— Доброе утро, Лотти, Бет. — Эд Мэйн был лесничим в парке, ровесником мамы, но сердечным и прямым. На работе мы с Эдом не всегда присутствовали на одном и том же тренинге, но когда мы на нем были вместе, мне нравилось сидеть рядом с ним. Мне нравилось, как он скрещивал руки на груди, свирепо смотрел на любого бюрократа, ведущего мероприятие, начинал почти каждое свое выступление словами «С должным уважением», произнесенными таким тоном, который ясно давал понять, что ни о каком уважении в данном случае нет и речи. — Сегодня утром будьте начеку. Получил сообщение об агрессивном лосе возле водопада Коупленд.
— Самец? — спросила мама.
— Самка, — пояснил Эд. — И у нее телята-близнецы.
Мы с мамой кивнули и помахали Эду на прощание. Мы двинулись по тропинке молча, если не считать хрипа мамы, который она теперь издает при любом движении, например идя из гостиной в гараж или из спальни в кухню. До сих пор она достаточно хорошо скрывала свой надоедливый кашель, посасывая пастилки. Там, на тропе, я впервые увидела, как она согнулась пополам и засунула в рот леденцы, вишневый и ананасовый одновременно.
— У тебя сгниют зубы, — сказала я. — Неужели нет другого способа?
Мама рассмеялась.
— Мои зубы, — проворчала она, качая головой. — Их видишь только ты, Лотти.
— Я волнуюсь, — продолжила я, сознавая неуместность этого признания.
Мама воспринимала беспокойство как признак слабости. Беспокойству не было места в ее жесткой философии любви.
— Я не собираюсь жить достаточно долго, чтобы мои зубы имели значение.
— Ты могла бы, — возразила я и почувствовала, как мое собственное сердце внезапно стало тяжелым.
В кустах послышался шорох. Холодная струя воздуха, из тех, что попадают в ловушку хвойных игл, сместилась и прошла над нами обеими. Мама вздрогнула. Мы обе повернулись, ожидая увидеть разъяренного лося, но что бы это ни было, оно оставалось для нас невидимым.
— Есть много способов справиться с этим, Лотти, — сказала мама. — Главное, не отрицать очевидного.
Ее голос был резким, глаза закатились, и я почувствовала, как у меня засосало под ложечкой. Я всегда ненавидела то, как она говорит со мной и обо мне одновременно, то, как она заставляет меня чувствовать себя маленькой и пристыженной, даже когда я не настолько глупа, чтобы не понимать, что к чему. И я подумала, как думала много раз до того, что, если бы она не была моей матерью, я бы вообще не проводила с ней время.

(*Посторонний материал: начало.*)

(*
  Run two copies of the process jointly: in every step each node is updated in both copies
  through a maximal coupling of Bernoulli(p) and Bernoulli(q), which disagrees with probability
  |p - q|. For the failure probabilities of node i in states x and y,
  |p - q| <= sum_j (M_t)_ij [x_j ~= y_j], so the vector e_t of disagreement probabilities
  satisfies e_(t+1) <= M_t e_t, whence e_t <= M_(t-1) ... M_0 1. The coupling inequality and a
  union bound over the nodes give d_TV <= sum_i e_t(i) <= n ||M_(t-1) ... M_0||.

  For the geometric bound, ||M_(s+1) M_s|| <= alphabar: a nonzero entry (M_(s+1))_ij comes from
  an edge (j, i) of G_(s+1), so j is a principal of G_(s+1), hence, by role persistence, of G_s,
  and row j of M_s sums to at most alphabar; the rows of M_(s+1) sum to at most 1.
*)

lemma measure_bind_pmf: "measure (bind_pmf M N) X = (\<integral>x. measure (N x) X \<partial>M)"
proof -
  have "ennreal (measure (bind_pmf M N) X) = (\<integral>\<^sup>+x. ennreal (measure (N x) X) \<partial>M)"
    using emeasure_bind_pmf[of M N X] by (simp add: measure_pmf.emeasure_eq_measure)
  also have "\<dots> = ennreal (\<integral>x. measure (N x) X \<partial>M)"
    by (intro nn_integral_eq_integral measure_pmf.integrable_const_bound[where B=1]) auto
  finally show ?thesis by (simp add: integral_nonneg)
qed

lemma measure_le_measure_plus_disagreement:
  fixes C :: "'a pmf"
  shows "measure C {z. f z \<in> S} \<le> measure C {z. g z \<in> S} + measure C {z. f z \<noteq> g z}"
proof -
  have "measure C {z. f z \<in> S} \<le> measure C ({z. g z \<in> S} \<union> {z. f z \<noteq> g z})"
    by (intro measure_pmf.finite_measure_mono) auto
  also have "\<dots> \<le> measure C {z. g z \<in> S} + measure C {z. f z \<noteq> g z}"
    by (rule measure_Un_le) auto
  finally show ?thesis .
qed

lemma dTV_le_disagreement:
  fixes C :: "('s::finite \<times> 's) pmf"
  shows "dTV (map_pmf fst C) (map_pmf snd C) \<le> measure C {z. fst z \<noteq> snd z}"
proof -
  have "\<bar>measure C {z. fst z \<in> S} - measure C {z. snd z \<in> S}\<bar> \<le> measure C {z. fst z \<noteq> snd z}"
    for S
    using measure_le_measure_plus_disagreement[of C fst S snd]
      measure_le_measure_plus_disagreement[of C snd S fst]
    by (simp add: eq_commute)
  then show ?thesis
    by (simp add: dTV_def vimage_def)
qed

lemma disagreement_le_sum_components:
  fixes C :: "(('i::finite \<Rightarrow> 'a) \<times> ('i \<Rightarrow> 'a)) pmf"
  shows "measure C {z. fst z \<noteq> snd z} \<le> (\<Sum>i\<in>UNIV. measure C {z. fst z i \<noteq> snd z i})"
proof -
  have "measure C {z. fst z \<noteq> snd z} = measure C (\<Union>i. {z. fst z i \<noteq> snd z i})"
    by (rule arg_cong[where f = "measure C"]) auto
  also have "\<dots> \<le> (\<Sum>i\<in>UNIV. measure C {z. fst z i \<noteq> snd z i})"
    by (rule measure_pmf.finite_measure_subadditive_finite) auto
  finally show ?thesis .
qed

lemma pmf_bool_eqI:
  fixes M N :: "bool pmf"
  assumes "pmf M True = pmf N True"
  shows "M = N"
  using assms by (intro pmf_eqI) (metis (full_types) pmf_False_conv_True)

(* In the intended case p <= q, the junk value p / 0 = 0 is harmless: q = 0 forces p = 0. *)
definition bernoulli_thinning :: "real \<Rightarrow> real \<Rightarrow> (bool \<times> bool) pmf" where
  "bernoulli_thinning p q =
     map_pmf (\<lambda>(u, v). (u \<and> v, v)) (pair_pmf (bernoulli_pmf (p / q)) (bernoulli_pmf q))"

lemma bernoulli_thinning:
  assumes "0 \<le> p" "p \<le> q" "q \<le> 1"
  shows "map_pmf fst (bernoulli_thinning p q) = bernoulli_pmf p"
    and "map_pmf snd (bernoulli_thinning p q) = bernoulli_pmf q"
    and "measure (bernoulli_thinning p q) {z. fst z \<noteq> snd z} = q - p"
proof -
  let ?P = "pair_pmf (bernoulli_pmf (p / q)) (bernoulli_pmf q)"
  have ratio: "0 \<le> p / q" "p / q \<le> 1" "p / q * q = p"
    using assms by (auto simp: divide_simps)
  have "{z. fst z \<and> snd z} = {(True, True)}"
    by auto
  then have "pmf (map_pmf fst (bernoulli_thinning p q)) True = pmf ?P (True, True)"
    unfolding bernoulli_thinning_def pmf_map
    by (simp add: vimage_def case_prod_beta measure_pmf_single)
  then show "map_pmf fst (bernoulli_thinning p q) = bernoulli_pmf p"
    using assms ratio by (intro pmf_bool_eqI) (simp add: pmf_pair)
  show "map_pmf snd (bernoulli_thinning p q) = bernoulli_pmf q"
    by (simp add: bernoulli_thinning_def pmf.map_comp o_def case_prod_beta map_snd_pair_pmf)
  have "measure (bernoulli_thinning p q) {z. fst z \<noteq> snd z} = pmf ?P (False, True)"
    unfolding bernoulli_thinning_def measure_map_pmf
    by (subst measure_pmf_single[symmetric]) (rule arg_cong[where f = "measure _"], auto)
  also have "\<dots> = q - p"
    using assms ratio by (simp add: pmf_pair algebra_simps)
  finally show "measure (bernoulli_thinning p q) {z. fst z \<noteq> snd z} = q - p" .
qed

definition bernoulli_coupling :: "real \<Rightarrow> real \<Rightarrow> (bool \<times> bool) pmf" where
  "bernoulli_coupling p q =
     (if p \<le> q then bernoulli_thinning p q else map_pmf prod.swap (bernoulli_thinning q p))"

lemma bernoulli_coupling:
  assumes "0 \<le> p" "p \<le> 1" "0 \<le> q" "q \<le> 1"
  shows "map_pmf fst (bernoulli_coupling p q) = bernoulli_pmf p"
    and "map_pmf snd (bernoulli_coupling p q) = bernoulli_pmf q"
    and "measure (bernoulli_coupling p q) {z. fst z \<noteq> snd z} = \<bar>p - q\<bar>"
proof -
  have swap_disagree: "prod.swap -` {z. fst z \<noteq> snd z} = {z :: bool \<times> bool. fst z \<noteq> snd z}"
    by auto
  show "map_pmf fst (bernoulli_coupling p q) = bernoulli_pmf p"
    "map_pmf snd (bernoulli_coupling p q) = bernoulli_pmf q"
    using assms bernoulli_thinning[of p q] bernoulli_thinning[of q p]
    by (auto simp: bernoulli_coupling_def pmf.map_comp o_def)
  show "measure (bernoulli_coupling p q) {z. fst z \<noteq> snd z} = \<bar>p - q\<bar>"
  proof (cases "p \<le> q")
    case True
    then show ?thesis
      using assms bernoulli_thinning(3)[of p q] by (simp add: bernoulli_coupling_def)
  next
    case False
    then show ?thesis
      using assms bernoulli_thinning(3)[of q p]
      unfolding bernoulli_coupling_def if_not_P[OF False] measure_map_pmf swap_disagree by simp
  qed
qed

definition Pi_coupling ::
  "'i set \<Rightarrow> 'a \<times> 'b \<Rightarrow> ('i \<Rightarrow> ('a \<times> 'b) pmf) \<Rightarrow> (('i \<Rightarrow> 'a) \<times> ('i \<Rightarrow> 'b)) pmf" where
  "Pi_coupling A dflt C = map_pmf (\<lambda>f. (fst \<circ> f, snd \<circ> f)) (Pi_pmf A dflt C)"

lemma Pi_coupling:
  assumes "finite A"
  shows "map_pmf fst (Pi_coupling A dflt C) = Pi_pmf A (fst dflt) (\<lambda>i. map_pmf fst (C i))"
    and "map_pmf snd (Pi_coupling A dflt C) = Pi_pmf A (snd dflt) (\<lambda>i. map_pmf snd (C i))"
    and "i \<in> A \<Longrightarrow>
      measure (Pi_coupling A dflt C) {z. fst z i \<noteq> snd z i} = measure (C i) {z. fst z \<noteq> snd z}"
proof -
  show "map_pmf fst (Pi_coupling A dflt C) = Pi_pmf A (fst dflt) (\<lambda>i. map_pmf fst (C i))"
    "map_pmf snd (Pi_coupling A dflt C) = Pi_pmf A (snd dflt) (\<lambda>i. map_pmf snd (C i))"
    using assms by (simp_all add: Pi_coupling_def pmf.map_comp o_def Pi_pmf_map[of A])
  assume "i \<in> A"
  have "measure (Pi_coupling A dflt C) {z. fst z i \<noteq> snd z i}
      = measure (map_pmf (\<lambda>f. f i) (Pi_pmf A dflt C)) {z. fst z \<noteq> snd z}"
    by (simp add: Pi_coupling_def vimage_def)
  also have "map_pmf (\<lambda>f. f i) (Pi_pmf A dflt C) = C i"
    using assms \<open>i \<in> A\<close> by (simp add: Pi_pmf_component)
  finally show "measure (Pi_coupling A dflt C) {z. fst z i \<noteq> snd z i}
      = measure (C i) {z. fst z \<noteq> snd z}" .
qed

Наконец мы пришли к водопаду Коупленд. Талая вода падала с невысоких валунов в бурлящий бассейн с белесой водой, однако течение реки успокаивалось по мере того, как русло расширялось и становилось более ровным. Это был совсем небольшой водопад по сравнению с другими, но пены было много, и его грохот был достаточно громким. Говорящему приходилось наполовину кричать, чтобы быть услышанным собеседником. Все звуки, кроме самых громких, сливались с шумом воды, фокусирующим любое рассеянное внимание на ударах яростных струй о скалу.
Мы прошли не более полумили от начала тропы. Мама вдруг побледнела, ее сухой кашель пересилил действие конфеты. Мы сели на поваленное дерево, и она прикрыла рот белой банданой. Когда она отняла ее от губ, слизь была окрашена в розовый цвет.
— Это от конфет, — объяснила она.
Мне захотелось засунуть ей обратно в рот ее собственные слова, спросить, кто сейчас отрицает очевидное, но вместо этого притянула маму к себе и почувствовала, как ее тело расслабилось в моих объятиях.
— Мама, — шепнула я. — Я беременна.
Ее дрожь передалась мне и пробежала по моему телу.
— От кого?
Мне, разумеется, было ясно: это станет первым, что она скажет.
— От Эда Мэйна.
Не то чтобы я не думала об Эде в таком смысле. Я честно старалась сойтись с другими доступными мужчинами в каньоне. Увы, их насчитывалось совсем немного. Было много случаев, когда Эд казался мне ничем не хуже остальных.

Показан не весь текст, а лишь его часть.